World Building from the Well Up.

It is easy for world builders to overestimate how interesting their lists of wars and rulers and the fantastic get a reader to really care about the world they created. Tolkien’s Silmarillion would have been much less captivating without the smaller, more tactile world depicted in The Hobbit and The Lord of the Rings; stories in which the grounded characters of Bilbo, of Frodo and Sam, forced us to care about all that history. The more the reader, or the PC, cares about what is happening now, and why it is happening now, the more they will want a history.
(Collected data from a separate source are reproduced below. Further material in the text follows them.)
text \<open>The last conjunct, that rows not yet reached are untouched, is what lets the path be
  extended by a row entering at the next layer.\<close>

lemma augmenting_path:
  assumes "j \<in> free_cols (reached_rows k)"
  shows "\<exists>A' i0. i0 \<in> reached_rows 0 \<and> augments n A A' i0 j
           \<and> (\<forall>p<n. p \<notin> reached_rows k \<longrightarrow> (\<forall>q<n. A' p q = A p q))"
  using assms
proof (induction k arbitrary: j)
  case 0
  then obtain i where i: "i \<in> reached_rows 0" "i \<noteq> j" "A i j = 0" "j < n"
    unfolding free_cols_def by auto
  then have "augments n A (\<lambda>p q. A p q + of_bool (p = i \<and> q = j)) i j"
    by (intro augments_set_entry loopless) auto
  with i show ?case by fastforce
next
  case (Suc k)
  then obtain i where i: "i \<in> reached_rows (Suc k)" "i \<noteq> j" "A i j = 0" "j < n"
    unfolding free_cols_def by auto
  have "i < n" using i(1) reached_rows_subset by blast
  show ?case
  proof (cases "i \<in> reached_rows k")
    case True
    then have "j \<in> free_cols (reached_rows k)"
      using i unfolding free_cols_def by auto
    moreover have "reached_rows k \<subseteq> reached_rows (Suc k)" by auto
    ultimately show ?thesis using Suc.IH by blast
  next
    case False
    with i(1) obtain j' where j': "j' \<in> free_cols (reached_rows k)" "A i j' = 1"
      by auto
    then have "j' < n" unfolding free_cols_def by simp
    from Suc.IH[OF j'(1)] obtain A' i0 where A': "i0 \<in> reached_rows 0" "augments n A A' i0 j'"
      "\<forall>p<n. p \<notin> reached_rows k \<longrightarrow> (\<forall>q<n. A' p q = A p q)"
      by blast
    let ?A'' = "\<lambda>p q. if p = i \<and> q = j then 1 else if p = i \<and> q = j' then 0 else A' p q"
    have "A' i j' = 1" "A' i j = 0"
      using A'(3) False \<open>i < n\<close> \<open>j' < n\<close> i j' by auto
    then have "augments n A ?A'' i0 j"
      using A'(2) \<open>i < n\<close> \<open>j < n\<close> \<open>j' < n\<close> i(2) by (intro augments_shift_column)
    moreover have "?A'' p q = A p q" if "p < n" "p \<notin> reached_rows (Suc k)" "q < n" for p q
      using A'(3) i(1) that by auto
    ultimately show ?thesis using A'(1) by blast
  qed
qed

end

lemma deficient_block_bound:
  fixes x z w M aX bY bZ :: nat
  assumes "x * z + bY < aX + w" and "w \<le> x" "w \<le> z"
    and "aX \<le> x * M" "aX \<le> bY + bZ" "bZ \<le> z * M"
  shows "bY + bZ < M * (M + 1)"
proof (cases "M < z")
  case True
  then have "x * (M + 1) \<le> x * z" by (intro mult_le_mono2) simp
  with assms show ?thesis by (simp add: algebra_simps)
next
  case z_le: False
  show ?thesis
  proof (cases "M < x")
    case True
    then have "(M + 1) * z \<le> x * z" by (intro mult_le_mono1) simp
    with assms show ?thesis by (simp add: algebra_simps)
  next
    case False
    then have "0 \<le> (int M - int x) * (int M - int z)"
      using z_le by simp
    then have "int x * int M + int z * int M \<le> int M * int M + int x * int z"
      by (simp add: algebra_simps)
    then have "x * M + z * M \<le> M * M + x * z"
      by (simp flip: of_nat_mult of_nat_add)
    then show ?thesis using assms False by (simp add: algebra_simps)
  qed
qed

locale maximal_partial_realization = partial_realization +
  assumes maximal: "\<And>A'. partial_realization n a b A' \<Longrightarrow> total n A' \<le> total n A"
begin

lemma free_cols_saturated:
  assumes "j \<in> free_cols (reached_rows k)"
  shows "col_sum n A j = b j"
proof (rule ccontr)
  assume "col_sum n A j \<noteq> b j"
  moreover have "j < n" using assms unfolding free_cols_def by simp
  ultimately have col_deficient: "col_sum n A j < b j"
    using col_sum_le le_neq_implies_less by blast
  obtain A' i0 where "i0 \<in> reached_rows 0" and aug: "augments n A A' i0 j"
    using augmenting_path[OF assms] by blast
  then have "i0 < n" and row_deficient: "row_sum n A i0 < a i0" by auto
  have "partial_realization n a b A'"
  proof
    show "loopless_01 n A'" using aug by (simp add: augments_def)
  next
    show "row_sum n A' i \<le> a i" if "i < n" for i
      using aug that row_sum_le row_deficient by (auto simp: augments_def Suc_leI)
  next
    show "col_sum n A' q \<le> b q" if "q < n" for q
      using aug that col_sum_le col_deficient by (auto simp: augments_def Suc_leI)
  qed
  with maximal total_augments[OF aug \<open>i0 < n\<close>] show False by fastforce
qed

lemma stable_reach_deficit:
  assumes stable: "reached_rows (Suc N) = reached_rows N" and "reached_rows 0 \<noteq> {}"
  defines "X \<equiv> reached_rows N" and "Y \<equiv> free_cols (reached_rows N)" and "Z \<equiv> {..<n} - free_cols (reached_rows N)"
  shows "card X * card Z + (\<Sum>j\<in>Y. b j) < (\<Sum>i\<in>X. a i) + card (X \<inter> Z)"
proof -
  have X: "X \<subseteq> {..<n}" unfolding X_def by (rule reached_rows_subset)
  have Y: "Y \<subseteq> {..<n}" unfolding Y_def free_cols_def by auto
  have ones: "A p q = 1" if "p \<in> X" "q < n" "q \<notin> Y" "p \<noteq> q" for p q
  proof -
    have "A p q \<noteq> 0" using that unfolding X_def Y_def free_cols_def by auto
    moreover have "A p q \<le> 1" using loopless that X by (auto simp: loopless_01_def)
    ultimately show ?thesis by simp
  qed
  have zeros: "A p q = 0" if "p < n" "p \<notin> X" "q \<in> Y" for p q
  proof (rule ccontr)
    assume "A p q \<noteq> 0"
    moreover have "A p q \<le> 1" using loopless that Y by (auto simp: loopless_01_def)
    ultimately have "A p q = 1" by simp
    with that have "p \<in> reached_rows (Suc N)" unfolding X_def Y_def by auto
    with stable \<open>p \<notin> X\<close> show False unfolding X_def by simp
  qed
  have "(\<Sum>i\<in>X. row_sum n A i) < (\<Sum>i\<in>X. a i)"
  proof -
    obtain i0 where "i0 \<in> reached_rows 0" using assms(2) by blast
    moreover have "reached_rows 0 \<subseteq> X" unfolding X_def by (rule monoD[OF mono_reached_rows]) simp
    ultimately show ?thesis
      using X row_sum_le finite_subset[OF X] by (intro sum_strict_mono_ex1) auto
  qed
  moreover have "(\<Sum>j\<in>Y. col_sum n A j) = (\<Sum>j\<in>Y. b j)"
    unfolding Y_def using free_cols_saturated by simp
  ultimately show ?thesis
    using block_count[OF loopless X Y ones zeros] unfolding Z_def Y_def [symmetric] by linarith
qed

lemma row_sum_eq_if_pronic_le:
  assumes a_le: "\<And>i. i < n \<Longrightarrow> a i \<le> M" and b_le: "\<And>j. j < n \<Longrightarrow> b j \<le> M"
    and sums: "(\<Sum>i<n. a i) = (\<Sum>j<n. b j)" and pronic: "M * (M + 1) \<le> (\<Sum>j<n. b j)"
    and "i < n"
  shows "row_sum n A i = a i"
proof (rule ccontr)
  assume "row_sum n A i \<noteq> a i"
  with row_sum_le \<open>i < n\<close> have "i \<in> reached_rows 0" by (simp add: order_less_le)
  obtain N where stable: "reached_rows (Suc N) = reached_rows N"
    using reached_rows_stable ..
  define X where "X = reached_rows N"
  define Y where "Y = free_cols (reached_rows N)"
  define Z where "Z = {..<n} - Y"
  have X: "X \<subseteq> {..<n}" unfolding X_def by (rule reached_rows_subset)
  have Y: "Y \<subseteq> {..<n}" unfolding Y_def free_cols_def by auto
  have deficit: "card X * card Z + (\<Sum>j\<in>Y. b j) < (\<Sum>i\<in>X. a i) + card (X \<inter> Z)"
    using stable_reach_deficit[OF stable] \<open>i \<in> reached_rows 0\<close>
    unfolding X_def Y_def Z_def by blast
  have split_b: "(\<Sum>j<n. b j) = (\<Sum>j\<in>Y. b j) + (\<Sum>j\<in>Z. b j)"
    unfolding Z_def using Y by (simp add: sum.subset_diff)
  have "card (X \<inter> Z) \<le> card X" "card (X \<inter> Z) \<le> card Z"
    using X unfolding Z_def by (auto intro: card_mono finite_subset)
  moreover have "(\<Sum>i\<in>X. a i) \<le> card X * M"
    using X a_le sum_bounded_above[of X a M] by auto
  moreover have "(\<Sum>i\<in>X. a i) \<le> (\<Sum>j\<in>Y. b j) + (\<Sum>j\<in>Z. b j)"
    using X sum_mono2[of "{..<n}" X a] sums split_b by auto
  moreover have "(\<Sum>j\<in>Z. b j) \<le> card Z * M"
    using b_le sum_bounded_above[of Z b M] unfolding Z_def by auto
  ultimately have "(\<Sum>j<n. b j) < M * (M + 1)"
    unfolding split_b by (rule deficient_block_bound[OF deficit])
  with pronic show False by simp
qed

end

lemma ex_maximal_partial_realization: "\<exists>A. maximal_partial_realization n a b A"
proof -
  define V where "V = total n ` {A. partial_realization n a b A}"
  have "total n A \<le> (\<Sum>i<n. a i)" if "partial_realization n a b A" for A
    using partial_realization.row_sum_le[OF that] unfolding total_def by (intro sum_mono) simp
  then have "V \<subseteq> {..\<Sum>i<n. a i}" unfolding V_def by auto
  then have "finite V" by (rule finite_subset) simp
  have "partial_realization n a b (\<lambda>_ _. 0)"
    by unfold_locales (simp_all add: loopless_01_def row_sum_def col_sum_def)
  then have "V \<noteq> {}" unfolding V_def by blast
  then obtain A where A: "partial_realization n a b A" "total n A = Max V"
    using Max_in[OF \<open>finite V\<close>] unfolding V_def by auto
  have "total n A' \<le> total n A" if "partial_realization n a b A'" for A'
    using that A(2) Max_ge[OF \<open>finite V\<close>] unfolding V_def by simp
  with A(1) have "maximal_partial_realization n a b A"
    by (simp add: maximal_partial_realization_def maximal_partial_realization_axioms_def)
  then show ?thesis by blast
qed

theorem graphic_if_pronic_le_sum:
  assumes sums: "(\<Sum>i<n. a i) = (\<Sum>i<n. b i)"
    and a_le: "\<And>i. i < n \<Longrightarrow> a i \<le> M" and b_le: "\<And>i. i < n \<Longrightarrow> b i \<le> M"
    and pronic: "M * (M + 1) \<le> (\<Sum>i<n. a i)"
  shows "graphic n a b"
proof -
  obtain A where "maximal_partial_realization n a b A"
    using ex_maximal_partial_realization by blast
  then interpret maximal_partial_realization n a b A .
  have rows: "row_sum n A i = a i" if "i < n" for i
    using row_sum_eq_if_pronic_le[OF a_le b_le _ _ that] sums pronic by simp
  then have "(\<Sum>j<n. col_sum n A j) = (\<Sum>j<n. b j)"
    using sums by (simp flip: total_eq_sum_col_sum add: total_def)
  then have "col_sum n A j = b j" if "j < n" for j
    using sum_mono_inv[of "col_sum n A" "{..<n}" b] col_sum_le that by auto
  with loopless rows show ?thesis by (rule graphicI)
qed

lemma le_max_bideg:
  assumes "i < n"
  shows "a i \<le> max_bideg n a b" and "b i \<le> max_bideg n a b"
  using assms unfolding max_bideg_def by (auto intro: Max_ge)

theorem corollary3:
  fixes n :: nat and a b :: "nat \<Rightarrow> nat"
  assumes sums: "(\<Sum>i<n. a i) = (\<Sum>i<n. b i)"
    and M_lt: "max_bideg n a b < n"
  shows "(max_bideg n a b < card {i. i < n \<and> a i = max_bideg n a b} \<longrightarrow> graphic n a b)
       \<and> (\<forall>k::nat. max_bideg n a b < k \<and> max_bideg n a b * k \<le> (\<Sum>i<n. a i) \<longrightarrow> graphic n a b)"
proof -
  define M where "M = max_bideg n a b"
  have graphic: "graphic n a b" if "M * (M + 1) \<le> (\<Sum>i<n. a i)"
    using graphic_if_pronic_le_sum[OF sums _ _ that] le_max_bideg unfolding M_def by blast
  have "graphic n a b" if "M < k" "M * k \<le> (\<Sum>i<n. a i)" for k
  proof -
    have "M * (M + 1) \<le> M * k" using \<open>M < k\<close> by (intro mult_le_mono2) simp
    with \<open>M * k \<le> _\<close> show ?thesis by (intro graphic) linarith
  qed
  moreover have "graphic n a b" if "M < card {i. i < n \<and> a i = M}"
  proof -
    let ?K = "{i. i < n \<and> a i = M}"
    have "M * (M + 1) \<le> M * card ?K" using that by (intro mult_le_mono2) simp
    also have "\<dots> = (\<Sum>i\<in>?K. a i)" by simp
    also have "\<dots> \<le> (\<Sum>i<n. a i)" by (intro sum_mono2) auto
    finally show ?thesis by (rule graphic)
  qed
  ultimately show ?thesis unfolding M_def by blast
qed

end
For me, world building that starts at the top, the large institutes, structures, and events, creating cultures wholesale, often feels dead, much like the recitation of dates in a history exam. I favor world-building that emerges organically from the life stories of NPCs like a stew seller at the docks, or the small histories of mundane locations like a the town well; stories in which larger events may be tangentially referenced, but most frequently are not the central subject of relevance, except when it is.Those oblique references, often inserted on a whimsy or temporary crutch, piques curiosity, and then expanded upon with further writing, or left as mysterious hooks to capture the adventurer’s imagination. Building the world from a fish seller’s perspective rather than from a god’s eye view, keeps the narrative grounded in human wants and fallacies, which are humanly interesting.
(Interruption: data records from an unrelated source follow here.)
lemma U_subset_ball:
  assumes "e > 0" "\<bar>\<delta>\<bar> \<le> cN * e / (2 * real s)"
  shows "U \<delta> \<subseteq> ball ubar e"
proof -
  have "real s > 0" using blocks_nonempty by simp
  have "real s * \<bar>\<delta>\<bar> / cN \<le> real s * (cN * e / (2 * real s)) / cN"
    using assms(2) cN_pos by (intro divide_right_mono mult_left_mono) auto
  also have "\<dots> = e / 2" using cN_pos \<open>real s > 0\<close> by (simp add: field_simps)
  finally have "real s * \<bar>\<delta>\<bar> / cN < e" using \<open>e > 0\<close> by linarith
  then show ?thesis using U_subset_cball[of \<delta>] by (auto simp: dist_commute)
qed

text \<open>An almost minimizer x of q \<delta>' satisfies \<phi> ubar x < \<phi> ubar x0 + \<eta>, hence lies in the
  region where the inner suprema for \<delta> and \<delta>' are comparable.\<close>
lemma q_le_q_of_sup_phi_le:
  assumes x0: "x0 \<in> M" and "K \<ge> 0" and K\<rho>: "K * \<rho> < \<eta>" and \<delta>: "\<bar>\<delta>\<bar> \<le> \<rho>" "\<bar>\<delta>'\<bar> \<le> \<rho>"
    and close: "\<And>x. x \<in> X \<Longrightarrow> \<phi> ubar x < \<phi> ubar x0 + \<eta> \<Longrightarrow> near x"
    and sup_lip: "\<And>x \<delta> \<delta>'. x \<in> X \<Longrightarrow> near x \<Longrightarrow> \<bar>\<delta>\<bar> \<le> \<rho> \<Longrightarrow> \<bar>\<delta>'\<bar> \<le> \<rho> \<Longrightarrow>
      sup_phi x \<delta> \<le> sup_phi x \<delta>' + K * \<bar>\<bar>\<delta>\<bar> - \<bar>\<delta>'\<bar>\<bar>"
  shows "q \<delta> \<le> q \<delta>' + K * \<bar>\<delta> - \<delta>'\<bar>"
proof (rule field_le_epsilon)
  fix \<gamma> :: real assume "\<gamma> > 0"
  have "x0 \<in> X" using x0 minimizers by blast
  have "K * \<bar>\<delta>'\<bar> \<le> K * \<rho>" using \<delta>(2) \<open>K \<ge> 0\<close> by (rule mult_left_mono)
  moreover have "K * \<bar>\<delta>'\<bar> \<ge> 0" using \<open>K \<ge> 0\<close> by simp
  ultimately have "near x0" using close[OF \<open>x0 \<in> X\<close>] K\<rho> by simp
  have "(INF x\<in>X. sup_phi x \<delta>') < q \<delta>' + min \<gamma> (\<eta> - K * \<rho>)"
    using \<open>\<gamma> > 0\<close> K\<rho> q_eq_INF_sup_phi by simp
  then obtain x where x: "x \<in> X" "sup_phi x \<delta>' < q \<delta>' + min \<gamma> (\<eta> - K * \<rho>)"
    using cINF_less_iff[OF X_ne bdd_below_sup_phi] by blast
  have "q \<delta>' \<le> sup_phi x0 \<delta>'" by (rule q_le_sup_phi[OF \<open>x0 \<in> X\<close>])
  also have "\<dots> \<le> sup_phi x0 0 + K * \<bar>\<bar>\<delta>'\<bar> - \<bar>0\<bar>\<bar>"
    using \<delta> by (intro sup_lip[OF \<open>x0 \<in> X\<close> \<open>near x0\<close> \<delta>(2)]) auto
  also have "\<dots> = \<phi> ubar x0 + K * \<bar>\<delta>'\<bar>" by (simp add: sup_phi_0)
  finally have "\<phi> ubar x < \<phi> ubar x0 + \<eta>"
    using \<open>K * \<bar>\<delta>'\<bar> \<le> K * \<rho>\<close> phi_le_sup_phi[OF x(1) ubar_in_U, of \<delta>'] x(2) by linarith
  then have "q \<delta> \<le> sup_phi x \<delta>' + K * \<bar>\<bar>\<delta>\<bar> - \<bar>\<delta>'\<bar>\<bar>"
    using q_le_sup_phi[OF x(1), of \<delta>] sup_lip[OF x(1) close[OF x(1)] \<delta>] by linarith
  moreover have "K * \<bar>\<bar>\<delta>\<bar> - \<bar>\<delta>'\<bar>\<bar> \<le> K * \<bar>\<delta> - \<delta>'\<bar>"
    using \<open>K \<ge> 0\<close> by (intro mult_left_mono) auto
  ultimately show "q \<delta> \<le> q \<delta>' + K * \<bar>\<delta> - \<delta>'\<bar> + \<gamma>" using x(2) by linarith
qed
For example, I recently wrote an NPC background for “The Northern Deeps”, a Viking campaign we are writing at Hex Brawler Games:

Crags Theregson
Stoutsman of the Western Whimsy

Crags owns the oldest brewery in the Northern Reaches. Boasts he could ferment and brew beer from anything worth brewing. Crags is always interested in new herbs, mushrooms, and roots. Not a man prone to chatter, he lets his patrons’ loose tongues do the talking; he just listens. His brews are very good, and unpredictably strong. For patrons that capture his interest, he offers a particular brew fermented from FaeRoot, an ale that loosens tongues and memories with merriment. Over the years, Crags has gathered all sorts of tales, many that should not have been told. Few if any suspect him, and his motivations are unclear, even to himself. Just curious he supposes. He makes no moves, nor takes advantage. But he listens. Crags lost his only child to the sea and is looking to find or produce an apprentice to eventually take over the brewery.

A few such blurbs have organically started to suggest the type of world they live in, local events and character. Leading me to have the great problem of too many ideas..and eventually to the boring task of reigning them all back in to keep the world reasonably consistent. Meanwhile my brain is on fire.

This isn’t to say that having a larger idea set doesn’t play a role. I.e. a flavor of setting in mind, but it’s important to let the organic growth from smaller stories, informing and shaping that larger idea, or even change it altogether. Hence, most of my world-building effort is focused on detailing the ordinary life and struggles of the peoples of his world, of particular experiences that inform their culture than then inform history.